# Opening a New Company in Dubai / Sharjah / Ajman



## lijet (Aug 4, 2011)

Hi Friends,

I am a Computer / Voice Engineer,

I need to form a new company, under which I can provide computer / voice / audio / video / video editing related services in all over UAE,

Kindly advice in which Emirates I will get the cheap / lowest license fee & kindly share any good business company which can help me out for setting up the things over here..

awaiting for your earlier reply,

Many thanks,


----------



## VitaEsMorte (Apr 26, 2010)

Looking for a free zone company or regular (with a local partner) ?


----------



## ShellyMcD (Jun 17, 2011)

I just set up a members dining club company licenced in RAK freezone, so I have full ownership, which I found to be the best price. I will PM you the company that helped me (who were great!) 

Good luck with your new venture.


----------



## lijet (Aug 4, 2011)

Thanks VitaEsMorte for your reply ...

I would be happy whether it is a Free Zone or with Local Sponsor if it is with lowest investment...

Kindly advice accordingly ....


----------



## lijet (Aug 4, 2011)

*Pls send me the details of that Company*



ShellyMcD said:


> I just set up a members dining club company licenced in RAK freezone, so I have full ownership, which I found to be the best price. I will PM you the company that helped me (who were great!)
> 
> Good luck with your new venture.





Thanks for your reply...

Kindly send me PM containing contact details of the company which helped u to setup your company in free zone...

awaiting for your earlier reply n help

many thanks...once again...


----------



## 7aman (Aug 18, 2011)

are you looking to get a residence visa as an investor or you're willing to start a real business ?


----------



## maxd (Mar 22, 2009)

I need to open 2companies in the next couple of weeks. Please could you pm me the details also.

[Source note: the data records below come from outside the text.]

text \<open>
Finite sets are finite subsets of a label type 'a (assumed infinite, so that
every finite set arises up to bijection).  The ground ring k is a type 'k of class comm_ring_1,
and all k-modules M(S) are submodules of one ambient k-module 'm with scalar action scale.

Since Sym(V)(T) and V(T) are free of rank one (bases t^T, t^i), tensor products of them with M
are written out as direct sums of copies of M:
  (Sym(V) ox M)(S)          = sum_{B subset S} t^B ox M(S-B)          encoded f :: 'a set => 'm
  (V ox M)(S)               = sum_{i in S} t^i ox M(S-{i})            encoded g :: 'a => 'm
  (Sym ox Sym ox M)(S)      encoded h B1 B2 (coefficient of t^B1 ox t^B2)
  (Sym ox V ox M)(S)        encoded p B i,     (V ox Sym ox M)(S) encoded q i B,
  (V ox V ox M)(S)          encoded g i j,     (Sym ox V ox Sym ox M)(S) encoded r B1 j B2.
Coefficients outside the index range are 0.
\<close>

definition lin_on :: "('k::comm_ring_1 \<Rightarrow> 'm::ab_group_add \<Rightarrow> 'm) \<Rightarrow>
    ('n::ab_group_add \<Rightarrow> 'n \<Rightarrow> bool) \<Rightarrow> ('k \<Rightarrow> 'n \<Rightarrow> 'n) \<Rightarrow> 'm set \<Rightarrow> ('m \<Rightarrow> 'n) \<Rightarrow> bool"
  where "lin_on scale eq scale' X f \<longleftrightarrow>
     (\<forall>x\<in>X. \<forall>y\<in>X. eq (f (x + y)) (f x + f y)) \<and> (\<forall>c. \<forall>x\<in>X. eq (f (scale c x)) (scale' c (f x)))"

definition FB_module :: "('k::comm_ring_1 \<Rightarrow> 'm::ab_group_add \<Rightarrow> 'm) \<Rightarrow> ('a set \<Rightarrow> 'm set)
    \<Rightarrow> (('a \<Rightarrow> 'a) \<Rightarrow> 'a set \<Rightarrow> 'm \<Rightarrow> 'm) \<Rightarrow> bool"
  where "FB_module scale M act \<longleftrightarrow>
     module scale \<and>
     (\<forall>S. finite S \<longrightarrow> module.subspace scale (M S)) \<and>
     (\<forall>S \<sigma>. finite S \<and> inj_on \<sigma> S \<longrightarrow>
        (\<forall>x\<in>M S. act \<sigma> S x \<in> M (\<sigma> ` S)) \<and> lin_on scale (=) scale (M S) (act \<sigma> S)) \<and>
     (\<forall>S. \<forall>x\<in>M S. finite S \<longrightarrow> act id S x = x) \<and>
     (\<forall>S \<sigma> \<tau>. finite S \<and> inj_on \<sigma> S \<and> inj_on \<tau> (\<sigma> ` S) \<longrightarrow>
        (\<forall>x\<in>M S. act (\<tau> \<circ> \<sigma>) S x = act \<tau> (\<sigma> ` S) (act \<sigma> S x))) \<and>
     (\<forall>S \<sigma> \<sigma>'. finite S \<and> inj_on \<sigma> S \<and> (\<forall>i\<in>S. \<sigma> i = \<sigma>' i) \<longrightarrow>
        (\<forall>x\<in>M S. act \<sigma> S x = act \<sigma>' S x))"

definition SymM :: "('a set \<Rightarrow> 'm::zero set) \<Rightarrow> 'a set \<Rightarrow> ('a set \<Rightarrow> 'm) set"
  where "SymM M S = {f. (\<forall>B. B \<subseteq> S \<longrightarrow> f B \<in> M (S - B)) \<and> (\<forall>B. \<not> B \<subseteq> S \<longrightarrow> f B = 0)}"

definition VM :: "('a set \<Rightarrow> 'm::zero set) \<Rightarrow> 'a set \<Rightarrow> ('a \<Rightarrow> 'm) set"
  where "VM M S = {g. (\<forall>i\<in>S. g i \<in> M (S - {i})) \<and> (\<forall>i. i \<notin> S \<longrightarrow> g i = 0)}"

definition SymSymM :: "('a set \<Rightarrow> 'm::zero set) \<Rightarrow> 'a set \<Rightarrow> ('a set \<Rightarrow> 'a set \<Rightarrow> 'm) set"
  where "SymSymM M S = {h. \<forall>B1 B2.
      (B1 \<subseteq> S \<and> B2 \<subseteq> S \<and> B1 \<inter> B2 = {} \<longrightarrow> h B1 B2 \<in> M (S - B1 - B2)) \<and>
      (\<not> (B1 \<subseteq> S \<and> B2 \<subseteq> S \<and> B1 \<inter> B2 = {}) \<longrightarrow> h B1 B2 = 0)}"
lemma mult_power_monom_1_right_cancel:
  fixes p r :: "'a::comm_ring_1 poly"
  assumes "p * monom 1 1 ^ k = r * monom 1 1 ^ k"
  shows "p = r"
proof (rule poly_eqI)
  fix m
  have "coeff (monom 1 k * p) (m + k) = coeff (monom 1 k * r) (m + k)"
    using assms by (simp add: monom_power mult.commute)
  thus "coeff p m = coeff r m" by (simp add: coeff_monom_mult)
qed

theorem theorem5p3:
  fixes q :: "'a :: comm_ring_1" and n :: nat
  assumes "n \<ge> 1"
  shows "(\<Sum>w \<in> {w. w permutes {1..n}}. (-1) ^ inversions n w * q ^ bigrass n w)
         = (\<Prod>k=1..n-1. (1 - q ^ k) ^ (n - k))"
proof -
  \<comment> \<open>The identity holds for \<open>n = 0\<close> as well.\<close>
  let ?X = "monom (1::'a) 1"
  have "(\<Sum>w | w permutes {1..n}. (-1) ^ inversions n w * ?X ^ bigrass n w)
      = (\<Prod>k=1..n-1. (1 - ?X ^ k) ^ (n - k))"
    by (rule mult_power_monom_1_right_cancel) (rule sum_signed_bigrass_mult_power)
  hence "poly (\<Sum>w | w permutes {1..n}. (-1) ^ inversions n w * ?X ^ bigrass n w) q
      = poly (\<Prod>k=1..n-1. (1 - ?X ^ k) ^ (n - k)) q"
    by (rule arg_cong)
  thus ?thesis by (simp add: poly_sum poly_prod poly_monom)
qed

end
lemma poly_binomial_poly_0: "0 < m \<Longrightarrow> poly (binomial_poly m) 0 = 0"
  unfolding binomial_poly_def by (simp add: poly_prod prod_zero_iff)

definition interpolates_desc_count :: "nat set \<Rightarrow> complex poly \<Rightarrow> bool" where
  "interpolates_desc_count I p \<longleftrightarrow>
     (\<forall>n. Max (I \<union> {0}) < n \<longrightarrow> poly p (of_nat n) = of_nat (desc_count I n))"

lemma ex_interpolates_desc_count:
  "finite I \<Longrightarrow> \<forall>i\<in>I. 0 < i \<Longrightarrow>
     \<exists>p. interpolates_desc_count I p \<and> poly p 0 = (-1) ^ card I"
proof (induction "card I" arbitrary: I)
  case 0
  then have "I = {}" by simp
  then show ?case
    by (intro exI[of _ "[:1:]"]) (simp add: interpolates_desc_count_def desc_count_empty)
next
  case (Suc k)
  define m J where "m = Max I" and "J = I - {m}"
  have I: "I \<noteq> {}" using Suc.hyps(2) by auto
  have mI: "m \<in> I" and m0: "0 < m" and MaxI: "Max (I \<union> {0}) = m"
    using Suc.prems I by (auto simp: m_def intro: Max_eqI)
  have cardJ: "card I = Suc (card J)" and k: "k = card J"
    using Suc.hyps(2) Suc.prems(1) mI by (simp_all add: J_def)
  obtain q where q: "interpolates_desc_count J q" "poly q 0 = (-1) ^ card J"
    using Suc.hyps(1)[OF k] Suc.prems by (auto simp: J_def)
  have MaxJ: "Max (J \<union> {0}) \<le> m"
    using Suc.prems(1) by (intro Max.boundedI) (auto simp: J_def m_def)
  define p where "p = smult (of_nat (desc_count J m)) (binomial_poly m) - q"
  have "poly p (of_nat n) = of_nat (desc_count I n)" if "m < n" for n
  proof -
    have "desc_count J n + desc_count I n = (n choose m) * desc_count J m"
      using desc_count_Max_recurrence[OF Suc.prems(1) I Suc.prems(2)] that
      by (simp add: J_def m_def)
    then have "(of_nat (desc_count J m) * of_nat (n choose m) :: complex)
               = of_nat (desc_count J n) + of_nat (desc_count I n)"
      by (metis mult.commute of_nat_add of_nat_mult)
    moreover have "poly q (of_nat n) = of_nat (desc_count J n)"
      using q(1) MaxJ that by (simp add: interpolates_desc_count_def)
    ultimately show ?thesis
      by (simp add: p_def poly_binomial_poly_of_nat)
  qed
  moreover have "poly p 0 = (-1) ^ card I"
    using q(2) cardJ by (simp add: p_def poly_binomial_poly_0[OF m0])
  ultimately show ?case
    using MaxI by (auto simp: interpolates_desc_count_def)
qed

Also to keep this thread going could others quote the prices they were given to open up companies?


----------



## nad786 (Sep 16, 2011)

ShellyMcD said:


> I just set up a members dining club company licenced in RAK freezone, so I have full ownership, which I found to be the best price. I will PM you the company that helped me (who were great!)
> 
> Good luck with your new venture.


Hi Shelly, would also appreciate that link please?


----------